### WORK REQUIRED
Which lines in the data below contain the word "subsetD"? Pull each of them out.

### DATA LISTING
lemma ideal_image:
  assumes A: "leibniz A" and B: "leibniz B" and f: "alg_hom A B f"
    and onto: "f ` lcarrier A = lcarrier B" and I: "ideal A I"
  shows "ideal B (f ` I)"
proof -
  interpret A: leibniz A by fact
  interpret B: leibniz B by fact
  have IC: "\<And>x. x \<in> I \<Longrightarrow> x \<in> lcarrier A" using A.ideal_subset[OF I] by auto
  show ?thesis
  proof (rule B.idealI)
    show "f ` I \<subseteq> lcarrier B" using IC alg_hom_closed[OF f] by auto
    show "lzero B \<in> f ` I"
      using alg_hom_zero[OF A B f] A.ideal_zero[OF I] by (metis image_eqI)
    show "ladd B x y \<in> f ` I" if "x \<in> f ` I" "y \<in> f ` I" for x y
      using that IC A.ideal_add[OF I] by (auto simp flip: alg_hom_add[OF f])
    show "lsmult B c x \<in> f ` I" if "x \<in> f ` I" for c x
      using that IC A.ideal_smult[OF I] by (auto simp flip: alg_hom_smult[OF f])
    show "lbr B x i \<in> f ` I" "lbr B i x \<in> f ` I" if "x \<in> lcarrier B" "i \<in> f ` I" for x i
      using that IC A.ideal_br_left[OF I] A.ideal_br_right[OF I]
      unfolding onto[symmetric] by (auto simp flip: alg_hom_br[OF f])
  qed
qed

lemma ideal_preimage:
  assumes A: "leibniz A" and B: "leibniz B" and f: "alg_hom A B f" and J: "ideal B J"
  shows "ideal A {x \<in> lcarrier A. f x \<in> J}"
proof -
  interpret A: leibniz A by fact
  interpret B: leibniz B by fact
  show ?thesis
    by (rule A.idealI)
      (auto simp: alg_hom_zero[OF A B f] alg_hom_add[OF f] alg_hom_smult[OF f] alg_hom_br[OF f]
        alg_hom_closed[OF f] B.ideal_zero[OF J] B.ideal_add[OF J] B.ideal_smult[OF J]
        B.ideal_br_left[OF J] B.ideal_br_right[OF J])
qed

lemma ideal_kernel:
  "leibniz A \<Longrightarrow> leibniz B \<Longrightarrow> alg_hom A B f \<Longrightarrow> ideal A {x \<in> lcarrier A. f x = lzero B}"
  using ideal_preimage[OF _ _ _ leibniz.ideal_zero_set] by simp

lemma image_lower_lie:
  assumes A: "leibniz A" and B: "leibniz B" and f: "alg_hom A B f"
    and onto: "f ` lcarrier A = lcarrier B"
  shows "f ` lower_lie A (Suc i) = lower_lie B (Suc i)"
proof (induction i)
  case 0
  then show ?case using onto by simp
next
  case (Suc i)
  interpret A: leibniz A by fact
  interpret B: leibniz B by fact
  let ?GA = "{lie_br A m x | m x. m \<in> lower_lie A (Suc i) \<and> x \<in> lcarrier A}"
  let ?GB = "{lie_br B m x | m x. m \<in> lower_lie B (Suc i) \<and> x \<in> lcarrier B}"
  have GA: "?GA \<subseteq> lcarrier A" and GB: "?GB \<subseteq> lcarrier B"
    by (auto dest: subsetD[OF A.lower_lie_subset] subsetD[OF B.lower_lie_subset])
  have f_GA: "f ` ?GA = ?GB"
  proof
    show "f ` ?GA \<subseteq> ?GB"
    proof
      fix w assume "w \<in> f ` ?GA"
      then obtain m x where mx: "m \<in> lower_lie A (Suc i)" "x \<in> lcarrier A" "w = f (lie_br A m x)"
        by blast
      then have "w = lie_br B (f m) (f x)"
        using alg_hom_lie_br[OF A f] subsetD[OF A.lower_lie_subset] by simp
      moreover have "f m \<in> lower_lie B (Suc i)" "f x \<in> lcarrier B"
        using mx Suc.IH alg_hom_closed[OF f] by auto
      ultimately show "w \<in> ?GB" by blast
    qed
    show "?GB \<subseteq> f ` ?GA"
    proof
      fix w assume "w \<in> ?GB"
      then obtain m x where mx: "m \<in> lower_lie B (Suc i)" "x \<in> lcarrier B" "w = lie_br B m x"
        by blast
      then obtain m' x' where m'x': "m' \<in> lower_lie A (Suc i)" "x' \<in> lcarrier A" "m = f m'" "x = f x'"
        using Suc.IH onto by (metis imageE)
      then have "w = f (lie_br A m' x')"
        using mx alg_hom_lie_br[OF A f] subsetD[OF A.lower_lie_subset] by simp
      moreover have "lie_br A m' x' \<in> ?GA" using m'x' by blast
      ultimately show "w \<in> f ` ?GA" by blast
    qed
  qed
  have "ideal_gen A ?GA \<subseteq> {x \<in> lcarrier A. f x \<in> ideal_gen B ?GB}"
  proof (rule A.ideal_gen_least[OF ideal_preimage[OF A B f B.ideal_ideal_gen[OF GB]]])
    show "?GA \<subseteq> {x \<in> lcarrier A. f x \<in> ideal_gen B ?GB}"
      using GA f_GA B.ideal_gen_superset[of ?GB] by blast
  qed
  then have "f ` ideal_gen A ?GA \<subseteq> ideal_gen B ?GB" by blast
  moreover have "ideal_gen B ?GB \<subseteq> f ` ideal_gen A ?GA"
  proof (rule B.ideal_gen_least[OF ideal_image[OF A B f onto A.ideal_ideal_gen[OF GA]]])
    show "?GB \<subseteq> f ` ideal_gen A ?GA"
      using f_GA A.ideal_gen_superset[of ?GA] by blast
  qed
  ultimately show ?case unfolding lower_lie.simps(3) lie_comm_def by blast
qed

### TASK RESULT
    by (auto dest: subsetD[OF A.lower_lie_subset] subsetD[OF B.lower_lie_subset])
        using alg_hom_lie_br[OF A f] subsetD[OF A.lower_lie_subset] by simp
        using mx alg_hom_lie_br[OF A f] subsetD[OF A.lower_lie_subset] by simp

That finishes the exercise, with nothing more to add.